| TASK OBJECTIVE |
Could you set down exactly the lines in the records below between the line holding "nb t *s coeff_col" and the line holding "(cross3 ?U ?V)", inclusive?

| INFORMATION |

lemma fibre_cubic_eq_bin_cubic:
  obtains p q r s where "\<And>w. fibre_cubic qs t w = bin_cubic p q r s w"
proof
  let ?c = "coeff_col qs"
  show "fibre_cubic qs t w = bin_cubic (det3 (?c 1) (?c 4) t) (det3 (?c 1) (?c 5) t + det3 (?c 2) (?c 4) t)
      (det3 (?c 2) (?c 5) t + det3 (?c 3) (?c 4) t) (det3 (?c 3) (?c 5) t) w" for w
    unfolding fibre_cubic_def quad_part_eq_cols lin_part_eq_cols det3_def bin_cubic_def by simp algebra
qed

lemma fibre_cubic_nonzero_witness:
  assumes bpf: "base_point_free qs" and w: "w \<noteq> 0"
  obtains t where "fibre_cubic qs t w \<noteq> 0"
proof -
  obtain t where "dot3 (cross3 (quad_part qs w) (lin_part qs w)) t \<noteq> 0"
    by (rule dot3_nonzero_witness[OF cross3_nonzero[OF quad_lin_part_indep2[OF bpf w]]])
  then show ?thesis using that by (simp add: fibre_cubic_def det3_eq_dot3_cross3)
qed

text \<open>Write \<open>t = \<tau> T + \<beta> U + \<gamma> V\<close>, where \<open>U, V\<close> (the columns 4 and 5) span the line
  \<open>\<pi>(E)\<close>.\<close>

lemma fibre_cubic_decomposition:
  assumes bpf: "base_point_free qs"
  obtains nt T nb ng where
    "\<And>t. t = dot3 nt t *s T + dot3 nb t *s coeff_col qs 4 + dot3 ng t *s coeff_col qs 5"
    "\<And>t w. fibre_cubic qs t w
        = dot3 nt t * fibre_cubic qs T w + (dot3 ng t * w$1 - dot3 nb t * w$2) * EFF_quad qs w"
proof -
  let ?U = "coeff_col qs 4" and ?V = "coeff_col qs 5"
  obtain T where "dot3 (cross3 ?U ?V) T \<noteq> 0"
    by (rule dot3_nonzero_witness[OF cross3_nonzero[OF indep2_coeff_cols[OF bpf]]])
  then have T: "det3 ?U ?V T \<noteq> 0" by (simp add: det3_eq_dot3_cross3)
  define nt nb ng where "nt = (1 / det3 ?U ?V T) *s cross3 ?U ?V"
    and "nb = (1 / det3 ?U ?V T) *s cross3 ?V T" and "ng = (1 / det3 ?U ?V T) *s cross3 T ?U"
  have dec: "t = dot3 nt t *s T + dot3 nb t *s ?U + dot3 ng t *s ?V" for t
    unfolding nt_def nb_def ng_def by (rule dual_basis_expansion[OF T])
  have "fibre_cubic qs t w
      = dot3 nt t * fibre_cubic qs T w + (dot3 ng t * w$1 - dot3 nb t * w$2) * EFF_quad qs w" for t w
  proof -
    have "fibre_cubic qs t w = fibre_cubic qs (dot3 nt t *s T + 1 *s (dot3 nb t *s ?U + dot3 ng t *s ?V)) w"
      using arg_cong[where f = "\<lambda>x. fibre_cubic qs x w", OF dec[of t]] by (simp add: add.assoc)
    then show ?thesis unfolding fibre_cubic_linear[of qs "dot3 nt t" T 1] fibre_cubic_span_cols by simp
  qed
  with dec show ?thesis by (rule that)
qed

| ANSWER SPACE |
    "\<And>t. t = dot3 nt t *s T + dot3 nb t *s coeff_col qs 4 + dot3 ng t *s coeff_col qs 5"
    "\<And>t w. fibre_cubic qs t w
        = dot3 nt t * fibre_cubic qs T w + (dot3 ng t * w$1 - dot3 nb t * w$2) * EFF_quad qs w"
proof -
  let ?U = "coeff_col qs 4" and ?V = "coeff_col qs 5"
  obtain T where "dot3 (cross3 ?U ?V) T \<noteq> 0"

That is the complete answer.